*TASK OBJECTIVE*.
Looking at the data below, how many lines include the word "forall"? Respond with the number only.
DATA FOR PROCESSING Block Start
lemma card_PiE_sum_le:
  assumes "t \<le> L"
  shows "card {e \<in> {..<n} \<rightarrow>\<^sub>E {..<Suc L}. sum e {..<n} \<le> t} = (n + t) choose n"
  using assms
proof (induction n arbitrary: t)
  case 0
  then show ?case by simp
next
  case (Suc n)
  let ?P = "\<lambda>m. {..<m} \<rightarrow>\<^sub>E {..<Suc L}"
  have count_as_sum: "card {e \<in> ?P m. sum e {..<m} \<le> s} =
      (\<Sum>e\<in>?P m. if sum e {..<m} \<le> s then 1 else 0)" for m s :: nat
    by (simp add: sum.inter_filter[symmetric] finite_PiE)
  have last_coordinate: "(\<Sum>e\<in>?P n. if sum e {..<n} + v \<le> t then 1 else 0) =
      (if v \<le> t then (n + (t - v)) choose n else 0)" for v
  proof (cases "v \<le> t")
    case True
    then have "(\<Sum>e\<in>?P n. if sum e {..<n} + v \<le> t then 1 else 0) =
        (\<Sum>e\<in>?P n. if sum e {..<n} \<le> t - v then 1 else 0)"
      by (simp add: le_diff_conv2)
    also have "\<dots> = (n + (t - v)) choose n"
      using Suc by (simp add: count_as_sum)
    finally show ?thesis using True by simp
  qed simp
  have "card {e \<in> ?P (Suc n). sum e {..<Suc n} \<le> t} =
      (\<Sum>v\<in>{..<Suc L}. \<Sum>e\<in>?P n. if sum (e(n := v)) {..<Suc n} \<le> t then 1 else 0)"
    unfolding count_as_sum by (rule sum_PiE_lessThan_Suc) simp
  also have "\<dots> = (\<Sum>v\<in>{..<Suc L}. \<Sum>e\<in>?P n. if sum e {..<n} + v \<le> t then 1 else 0)"
  proof (intro sum.cong refl)
    fix v :: nat and e :: "nat \<Rightarrow> nat"
    have "sum (e(n := v)) {..<Suc n} = sum e {..<n} + v"
      by (simp add: lessThan_Suc add.commute)
    then show "(if sum (e(n := v)) {..<Suc n} \<le> t then 1 else 0) =
        (if sum e {..<n} + v \<le> t then 1 else (0::nat))"
      by simp
  qed
  also have "\<dots> = (\<Sum>v<Suc L. if v \<le> t then (n + (t - v)) choose n else 0)"
    by (simp only: last_coordinate)
  also have "\<dots> = (\<Sum>v\<le>t. (n + (t - v)) choose n)"
    using Suc.prems by (intro sum.mono_neutral_cong_right) auto
  also have "\<dots> = (\<Sum>v\<le>t. (n + v) choose n)"
    using sum.atLeastAtMost_rev[of "\<lambda>v. (n + v) choose n" 0 t] by (simp add: atLeast0AtMost)
  also have "\<dots> = (Suc n + t) choose Suc n"
    by (simp add: choose_rising_sum(1))
  finally show ?case .
qed
lemma set_is_path_subset:
  assumes "is_path F vs"
  shows "set vs \<subseteq> \<Union>F"
proof
  fix x assume "x \<in> set vs"
  then obtain i where i: "i < length vs" "vs ! i = x" by (auto simp: in_set_conv_nth)
  have "Suc i < length vs \<or> (i = Suc (i - 1))"
    using assms i unfolding is_path_def by auto
  then show "x \<in> \<Union>F"
    using assms i unfolding is_path_def by (metis UnionI insertI1 insert_commute lessI less_trans_Suc)
qed

lemma card_2_obtains_other:
  assumes "card e = 2" "a \<in> e"
  obtains b where "b \<noteq> a" "e = {a, b}"
proof -
  obtain x y where xy: "e = {x, y}" "x \<noteq> y"
    using assms(1) by (auto simp: card_2_iff)
  show thesis
  proof (cases "a = x")
    case True
    then show ?thesis using that[of y] xy by simp
  next
    case False
    then have "a = y" using assms(2) xy by blast
    then show ?thesis using that[of x] xy by (simp add: insert_commute)
  qed
qed

text \<open>A leaf is the first vertex of a longest path: any further edge at it would extend the
  path or close a cycle.\<close>
lemma is_forest_has_leaf:
  assumes "finite F" "\<forall>e\<in>F. card e = 2" "is_forest F" "F \<noteq> {}"
  shows "\<exists>a b. {a, b} \<in> F \<and> (\<forall>e\<in>F. a \<in> e \<longrightarrow> e = {a, b})"
proof -
  have fin: "finite (\<Union>F)"
    using assms(1,2) by (intro finite_Union) (auto intro: card_ge_0_finite)
  obtain e where "e \<in> F"
    using assms(4) by blast
  then obtain a b where "{a, b} \<in> F" "a \<noteq> b"
    using assms(2) by (auto simp: card_2_iff)
  then have "is_path F [a, b]"
    unfolding is_path_def by (auto simp: less_Suc_eq)
  moreover have "length vs < Suc (card (\<Union>F))" if "is_path F vs" for vs
    using card_mono[OF fin set_is_path_subset[OF that]] that
    by (simp add: is_path_def distinct_card)
  ultimately obtain vs where path: "is_path F vs"
    and longest: "\<And>ws. is_path F ws \<Longrightarrow> length ws \<le> length vs"
    using ex_has_greatest_nat[of "is_path F" _ length] by metis
  have "e = {vs ! 0, vs ! 1}" if e: "e \<in> F" "vs ! 0 \<in> e" for e
  proof -
    have "card e = 2"
      using assms(2) e(1) by blast
    then obtain w where w: "w \<noteq> vs ! 0" "e = {vs ! 0, w}"
      using e(2) by (rule card_2_obtains_other)
    then have edge: "{w, vs ! 0} \<in> F"
      using e(1) by (simp add: insert_commute)
    have "w \<in> set vs"
    proof (rule ccontr)
      assume "w \<notin> set vs"
      then have "length (w # vs) \<le> length vs"
        using longest[OF is_path_Cons[OF path _ edge]] by blast
      then show False by simp
    qed
    then obtain j where j: "j < length vs" "vs ! j = w"
      by (auto simp: in_set_conv_nth)
    have "\<not> is_cycle_in F (take (Suc j) vs)"
      using assms(3) unfolding is_forest_def by blast
    then have "\<not> 2 \<le> j"
      using is_cycle_in_take_is_path[OF path _ j(1)] edge j(2) by blast
    moreover have "j \<noteq> 0"
      using j(2) w(1) by metis
    ultimately show ?thesis
      using j(2) w(2) by (simp add: numeral_2_eq_2 not_less_eq_eq le_Suc_eq)
  qed
  moreover have "{vs ! 0, vs ! 1} \<in> F"
    using path unfolding is_path_def by auto
  ultimately show ?thesis by blast
qed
DATA FOR PROCESSING Block End
*EXERCISE ANSWER*.
2